Продолжения, впрочем, не последовало. Я глянул в дверь и увидел, что мой конфратер[4] в миг слабости любезно поднялся из-за стола (чтобы не смущать собравшихся), но, увы, силы его покинули, и переваренный ужин с переваренными же напитками выплеснулся на колени некой честной матроне, жене городского советника. Потом он срыгнул еще раз, теперь обрызгав спину и голову самого советника, а потом радостно заорал:
— Как там дальше? А то я отвлекся…
— Прошу прощения, — обернулся я к своему собеседнику. — Продолжайте, прошу вас.
— Мой сын, — вздохнул он, словно само слово «сын» наполняло его горечью, — два года назад был осужден и заключен в тюрьму за убийство некой девушки. Кровной сестры одного из советников, человека богатого, настойчивого, обладающего большим весом и много лет ненавидящего мою семью. Бог одарил меня способностью к торговле, но хоть я и богат, ничего не могу сделать для спасения сына… А уж поверьте мне, я пытался.
— Так и есть, золотой ключ не отворит всех врат, — сказал я. — Особенно тех, что затворены засовом человеческого гнева.

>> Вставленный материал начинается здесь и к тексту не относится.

lemma simplex_le_one:
  assumes "r \<in> simplex K" "k \<in> {1..K}"
  shows "r k \<le> 1"
proof -
  have "r k \<le> (\<Sum>k=1..K. r k)"
    using assms by (intro member_le_sum) (auto simp: simplex_nonneg)
  then show ?thesis using simplex_sum[OF assms(1)] by simp
qed

lemma LN_minimal_if_marginal_losses_balanced:
  assumes q: "q \<in> simplex K" and r: "r \<in> simplex K" and "N \<ge> 1"
    and p_nonneg: "\<And>k. k \<in> {1..K} \<Longrightarrow> 0 \<le> p k"
    and marginal_le: "\<And>k. k \<in> {1..K} \<Longrightarrow> p k * (1 - q k) ^ (N - 1) \<le> \<mu>"
    and marginal_eq: "\<And>k. k \<in> {1..K} \<Longrightarrow> 0 < q k \<Longrightarrow> p k * (1 - q k) ^ (N - 1) = \<mu>"
  shows "LN N K p q \<le> LN N K p r"
proof -
  have term_bound: "p k * (1 - q k) ^ N + real N * \<mu> * (q k - r k) \<le> p k * (1 - r k) ^ N"
    if k: "k \<in> {1..K}" for k
  proof -
    have "(1 - q k) ^ N + real N * (1 - q k) ^ (N - 1) * ((1 - r k) - (1 - q k)) \<le> (1 - r k) ^ N"
      using power_ge_tangent[of "1 - q k" "1 - r k" N] \<open>N \<ge> 1\<close>
        simplex_le_one[OF q k] simplex_le_one[OF r k] by simp
    from mult_left_mono[OF this p_nonneg[OF k]]
    have "p k * (1 - q k) ^ N + real N * (p k * (1 - q k) ^ (N - 1)) * (q k - r k)
        \<le> p k * (1 - r k) ^ N"
      by (simp add: algebra_simps)
    moreover have "\<mu> * (q k - r k) \<le> p k * (1 - q k) ^ (N - 1) * (q k - r k)"
    proof (cases "0 < q k")
      case True
      then show ?thesis using marginal_eq[OF k] by simp
    next
      case False
      then have "q k = 0" using simplex_nonneg[OF q k] by simp
      then show ?thesis
        using marginal_le[OF k] simplex_nonneg[OF r k] by (simp add: mult_right_mono)
    qed
    then have "real N * \<mu> * (q k - r k) \<le> real N * (p k * (1 - q k) ^ (N - 1)) * (q k - r k)"
      by (simp add: mult.assoc mult_left_mono)
    ultimately show ?thesis by linarith
  qed
  have "LN N K p q + real N * \<mu> * ((\<Sum>k=1..K. q k) - (\<Sum>k=1..K. r k))
      = (\<Sum>k=1..K. p k * (1 - q k) ^ N + real N * \<mu> * (q k - r k))"
    unfolding LN_def by (simp add: sum.distrib sum_subtractf flip: sum_distrib_left)
  also have "\<dots> \<le> LN N K p r"
    unfolding LN_def by (intro sum_mono term_bound)
  finally show ?thesis using simplex_sum[OF q] simplex_sum[OF r] by simp
qed

definition waterfill_mass :: "nat \<Rightarrow> (nat \<Rightarrow> real) \<Rightarrow> nat \<Rightarrow> real \<Rightarrow> real" where
  "waterfill_mass m p s \<mu> = (\<Sum>k=1..s. 1 - root m (\<mu> / p k))"

definition waterfill :: "nat \<Rightarrow> (nat \<Rightarrow> real) \<Rightarrow> nat \<Rightarrow> real \<Rightarrow> nat \<Rightarrow> real" where
  "waterfill m p s \<mu> k = (if k \<le> s then 1 - root m (\<mu> / p k) else 0)"

lemma waterfill_level_exists:
  assumes "lo \<le> hi" and p_pos: "\<And>k. k \<in> {1..s} \<Longrightarrow> 0 < p k"
    and "waterfill_mass m p s hi < 1" "1 \<le> waterfill_mass m p s lo"
  shows "\<exists>\<mu>. lo \<le> \<mu> \<and> \<mu> < hi \<and> waterfill_mass m p s \<mu> = 1"
proof -
  have "continuous_on {lo..hi} (waterfill_mass m p s)"
    unfolding waterfill_mass_def by (intro continuous_intros) (use p_pos in force)
  then obtain \<mu> where "lo \<le> \<mu>" "\<mu> \<le> hi" "waterfill_mass m p s \<mu> = 1"
    using IVT2' assms by (metis less_imp_le)
  moreover have "\<mu> \<noteq> hi" using calculation assms(3) by auto
  ultimately show ?thesis by auto
qed

context
  fixes m s K :: nat and p :: "nat \<Rightarrow> real" and \<mu> :: real
  assumes m_pos: "0 < m" and s_le_K: "s \<le> K"
    and p_nonneg: "\<And>k. k \<in> {1..K} \<Longrightarrow> 0 \<le> p k"
    and p_pos: "\<And>k. k \<in> {1..s} \<Longrightarrow> 0 < p k"
    and level_nonneg: "0 \<le> \<mu>"
    and level_below_head: "\<And>k. k \<in> {1..s} \<Longrightarrow> \<mu> \<le> p k"
    and level_above_tail: "\<And>k. k \<in> {s+1..K} \<Longrightarrow> p k \<le> \<mu>"
    and mass_one: "waterfill_mass m p s \<mu> = 1"
begin

lemma waterfill_marginal_loss:
  assumes "k \<in> {1..s}"
  shows "p k * (1 - waterfill m p s \<mu> k) ^ m = \<mu>"
  using assms p_pos[OF assms] level_nonneg m_pos by (simp add: waterfill_def)

lemma waterfill_nonneg:
  assumes "k \<in> {1..K}"
  shows "0 \<le> waterfill m p s \<mu> k"
proof (cases "k \<le> s")
  case True
  then have "\<mu> / p k \<le> 1"
    using assms level_below_head p_pos by simp
  then have "root m (\<mu> / p k) \<le> 1"
    using m_pos by simp
  then show ?thesis by (simp add: waterfill_def)
qed (simp add: waterfill_def)

lemma sum_waterfill: "(\<Sum>k=1..K. waterfill m p s \<mu> k) = 1"
proof -
  have "(\<Sum>k=1..K. waterfill m p s \<mu> k) = (\<Sum>k=1..s. waterfill m p s \<mu> k)"
    using s_le_K by (intro sum.mono_neutral_right) (auto simp: waterfill_def)
  also have "\<dots> = waterfill_mass m p s \<mu>"
    unfolding waterfill_mass_def waterfill_def by simp
  finally show ?thesis using mass_one by simp
qed

lemma waterfill_in_simplex: "waterfill m p s \<mu> \<in> simplex K"
  unfolding simplex_def using waterfill_nonneg sum_waterfill by simp

lemma LN_waterfill:
  "LN (Suc m) K p (waterfill m p s \<mu>) = (real s - 1) * \<mu> + (\<Sum>k=s+1..K. p k)"
proof -
  let ?q = "waterfill m p s \<mu>"
  have "(\<Sum>k=1..s. p k * (1 - ?q k) ^ Suc m) = (\<Sum>k=1..s. \<mu> * (1 - ?q k))"
    using waterfill_marginal_loss by (intro sum.cong) (simp_all add: mult.assoc mult.left_commute)
  also have "\<dots> = \<mu> * (real s - waterfill_mass m p s \<mu>)"
    by (simp add: waterfill_def waterfill_mass_def sum_subtractf flip: sum_distrib_left)
  finally have head: "(\<Sum>k=1..s. p k * (1 - ?q k) ^ Suc m) = (real s - 1) * \<mu>"
    using mass_one by simp
  have tail: "(\<Sum>k=s+1..K. p k * (1 - ?q k) ^ Suc m) = (\<Sum>k=s+1..K. p k)"
    by (intro sum.cong) (auto simp: waterfill_def)
  show ?thesis
    using sum.ub_add_nat[of 1 s "\<lambda>k. p k * (1 - ?q k) ^ Suc m" "K - s"] s_le_K head tail
    by (simp add: LN_def)
qed

lemma waterfill_minimizes_LN:
  assumes "r \<in> simplex K"
  shows "LN (Suc m) K p (waterfill m p s \<mu>) \<le> LN (Suc m) K p r"
proof (rule LN_minimal_if_marginal_losses_balanced[OF waterfill_in_simplex assms])
  fix k assume k: "k \<in> {1..K}"
  show "p k * (1 - waterfill m p s \<mu> k) ^ (Suc m - 1) \<le> \<mu>"
  proof (cases "k \<le> s")
    case True
    then show ?thesis using k waterfill_marginal_loss by simp
  next
    case False
    then show ?thesis using k level_above_tail by (simp add: waterfill_def)
  qed
  show "p k * (1 - waterfill m p s \<mu> k) ^ (Suc m - 1) = \<mu>" if "0 < waterfill m p s \<mu> k"
    using that k waterfill_marginal_loss by (simp add: waterfill_def split: if_splits)
qed (use p_nonneg in auto)

end

lemma waterfill_mass_eq_powr:
  assumes "0 < m" "0 \<le> \<mu>" "\<And>k. k \<in> {1..s} \<Longrightarrow> 0 < p k"
  shows "waterfill_mass m p s \<mu> = (\<Sum>k=1..s. 1 - (\<mu> / p k) powr (1 / real m))"
  unfolding waterfill_mass_def using assms
  by (intro sum.cong) (simp_all add: root_powr_inverse less_imp_le)

lemma KN_admissible:
  assumes "K \<ge> 1"
  shows "KN N K p \<in> {1..K}"
    and "(\<Sum>k=1..KN N K p - 1. 1 - (p (KN N K p) / p k) powr (1 / (real N - 1))) < 1"
proof -
  let ?S = "{s \<in> {1..K}. (\<Sum>k=1..s-1. 1 - (p s / p k) powr (1 / (real N - 1))) < 1}"
  have "1 \<in> ?S" using assms by simp
  then have "Max ?S \<in> ?S" by (intro Max_in) auto
  then show "KN N K p \<in> {1..K}"
    and "(\<Sum>k=1..KN N K p - 1. 1 - (p (KN N K p) / p k) powr (1 / (real N - 1))) < 1"
    unfolding KN_def by auto
qed

lemma KN_maximal:
  assumes "KN N K p < K"
  shows "1 \<le> (\<Sum>k=1..KN N K p. 1 - (p (KN N K p + 1) / p k) powr (1 / (real N - 1)))"
proof (rule ccontr)
  let ?S = "{s \<in> {1..K}. (\<Sum>k=1..s-1. 1 - (p s / p k) powr (1 / (real N - 1))) < 1}"
  assume "\<not> ?thesis"
  then have "KN N K p + 1 \<in> ?S" using assms by simp
  then have "KN N K p + 1 \<le> Max ?S" by (intro Max_ge) auto
  then show False unfolding KN_def by simp
qed

context
  fixes K N :: nat and p :: "nat \<Rightarrow> real"
  assumes K_pos: "K \<ge> 1" and N_ge_2: "N \<ge> 2" and p_simplex: "p \<in> simplex K"
    and p_antimono: "\<And>i j. 1 \<le> i \<Longrightarrow> i \<le> j \<Longrightarrow> j \<le> K \<Longrightarrow> p j \<le> p i"
begin

lemmas KN_range = KN_admissible(1)[OF K_pos, where N = N and p = p]
   and KN_condition = KN_admissible(2)[OF K_pos, where N = N and p = p]

lemma prob_KN_pos: "0 < p (KN N K p)"
proof (rule ccontr)
  let ?s = "KN N K p"
  assume "\<not> 0 < p ?s"
  then have ps: "p ?s = 0"
    using KN_range simplex_nonneg[OF p_simplex] by force
  have "0 < p 1"
  proof (rule ccontr)
    assume "\<not> 0 < p 1"
    then have "(\<Sum>k=1..K. p k) \<le> 0"
      using p_antimono[of 1] by (intro sum_nonpos) force
    then show False using simplex_sum[OF p_simplex] by simp
  qed
  then have "?s \<ge> 2" using ps KN_range by (cases "?s = 1") auto
  moreover have "(\<Sum>k=1..?s - 1. 1 - (p ?s / p k) powr (1 / (real N - 1))) = real (?s - 1)"
    using ps by simp
  ultimately show False using KN_condition by simp
qed

lemma prob_pos_below_KN: "k \<in> {1..KN N K p} \<Longrightarrow> 0 < p k"
  using prob_KN_pos p_antimono KN_range by (meson atLeastAtMost_iff le_trans less_le_trans)

lemma waterfill_mass_at_KN: "waterfill_mass (N - 1) p (KN N K p) (p (KN N K p)) < 1"
proof -
  let ?s = "KN N K p"
  obtain t where t: "?s = Suc t" using KN_range by (cases ?s) auto
  have "waterfill_mass (N - 1) p ?s (p ?s) = waterfill_mass (N - 1) p (?s - 1) (p ?s)"
    using prob_KN_pos N_ge_2 unfolding waterfill_mass_def t by simp
  also have "\<dots> = (\<Sum>k=1..?s - 1. 1 - (p ?s / p k) powr (1 / (real N - 1)))"
    using N_ge_2 prob_KN_pos prob_pos_below_KN
    by (subst waterfill_mass_eq_powr) (auto simp: of_nat_diff less_imp_le)
  finally show ?thesis using KN_condition by simp
qed

lemma waterfill_mass_at_next:
  "1 \<le> waterfill_mass (N - 1) p (KN N K p) (pext K p (KN N K p + 1))"
proof (cases "KN N K p < K")
  case True
  then show ?thesis
    using KN_maximal[OF True] N_ge_2 prob_pos_below_KN
      simplex_nonneg[OF p_simplex, of "KN N K p + 1"]
    by (subst waterfill_mass_eq_powr) (auto simp: pext_def of_nat_diff)
next
  case False
  then show ?thesis
    using KN_range by (simp add: pext_def waterfill_mass_def)
qed
lemma B_split_exact: "split_exact [nc, n2, n1 + n1, n2, nc] [delta1, delta2, delta3, delta4]"
proof (rule split_exact_if_contracting_homotopy[where ss = "[sigma1, sigma2, sigma3, sigma4]"])
  fix i assume "i < length [delta1, delta2, delta3, delta4]"
  then have "i < 4" by simp
  then show "lin_map ([nc, n2, n1 + n1, n2, nc] ! (i + 1)) ([nc, n2, n1 + n1, n2, nc] ! i)
      ([delta1, delta2, delta3, delta4] ! i)"
    and "lin_map ([nc, n2, n1 + n1, n2, nc] ! i) ([nc, n2, n1 + n1, n2, nc] ! (i + 1))
      ([sigma1, sigma2, sigma3, sigma4] ! i)"
    by (auto simp: less_Suc_eq eval_nat_numeral lin_map_delta1 lin_map_delta2 lin_map_delta3
        lin_map_delta4 lin_map_sigma1 lin_map_sigma2 lin_map_sigma3 lin_map_sigma4)
next
  fix i and v :: "'a vec" assume "i + 1 < length [delta1, delta2, delta3, delta4]"
    "v \<in> carrier_vec ([nc, n2, n1 + n1, n2, nc] ! (i + 2))"
  then show "([delta1, delta2, delta3, delta4] ! i) (([delta1, delta2, delta3, delta4] ! (i + 1)) v)
      = 0\<^sub>v ([nc, n2, n1 + n1, n2, nc] ! i)"
    by (auto simp: less_Suc_eq eval_nat_numeral delta1_delta2 delta2_delta3 delta3_delta4)
next
  fix i and v :: "'a vec" assume "i < length [nc, n2, n1 + n1, n2, nc]" "v \<in> carrier_vec ([nc, n2, n1 + n1, n2, nc] ! i)"
  then show "(if i < length [delta1, delta2, delta3, delta4]
      then ([delta1, delta2, delta3, delta4] ! i) (([sigma1, sigma2, sigma3, sigma4] ! i) v)
      else 0\<^sub>v ([nc, n2, n1 + n1, n2, nc] ! i))
    + (if i = 0 then 0\<^sub>v ([nc, n2, n1 + n1, n2, nc] ! i)
      else ([sigma1, sigma2, sigma3, sigma4] ! (i - 1)) (([delta1, delta2, delta3, delta4] ! (i - 1)) v)) = v"
    by (auto simp: less_Suc_eq eval_nat_numeral homotopy_at_HomC homotopy_at_HomA2 homotopy_at_middle
        homotopy_at_A2 homotopy_at_C)
qed simp_all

— Хорошо сказано, — согласился он. — Мой сын — невиновен. Не верю, что он мог обидеть ту девушку. Единственное, что мне удалось, это спасти его от петли. Но какая разница — десяти лет в нижней башне не выдержит никто.
Родные никогда не верят, что преступления совершают их близкие. Так было, так есть и так будет. Матиас Клингбайль не был исключением, а то, что в голосе его я слышал страстную уверенность, ничего не меняло. Однако он был прав относительно наказания нижней башней. Никто не выдержит десяти лет, проведенных в ней. Болезни, грязь, холод, влага, голод и одиночество жрут страшнее крыс. Я видел крепких, сильных молодых мужчин, что после года-двух, проведенных в нижней башне, выходили за ворота тюрьмы согбенными, едва живыми старцами.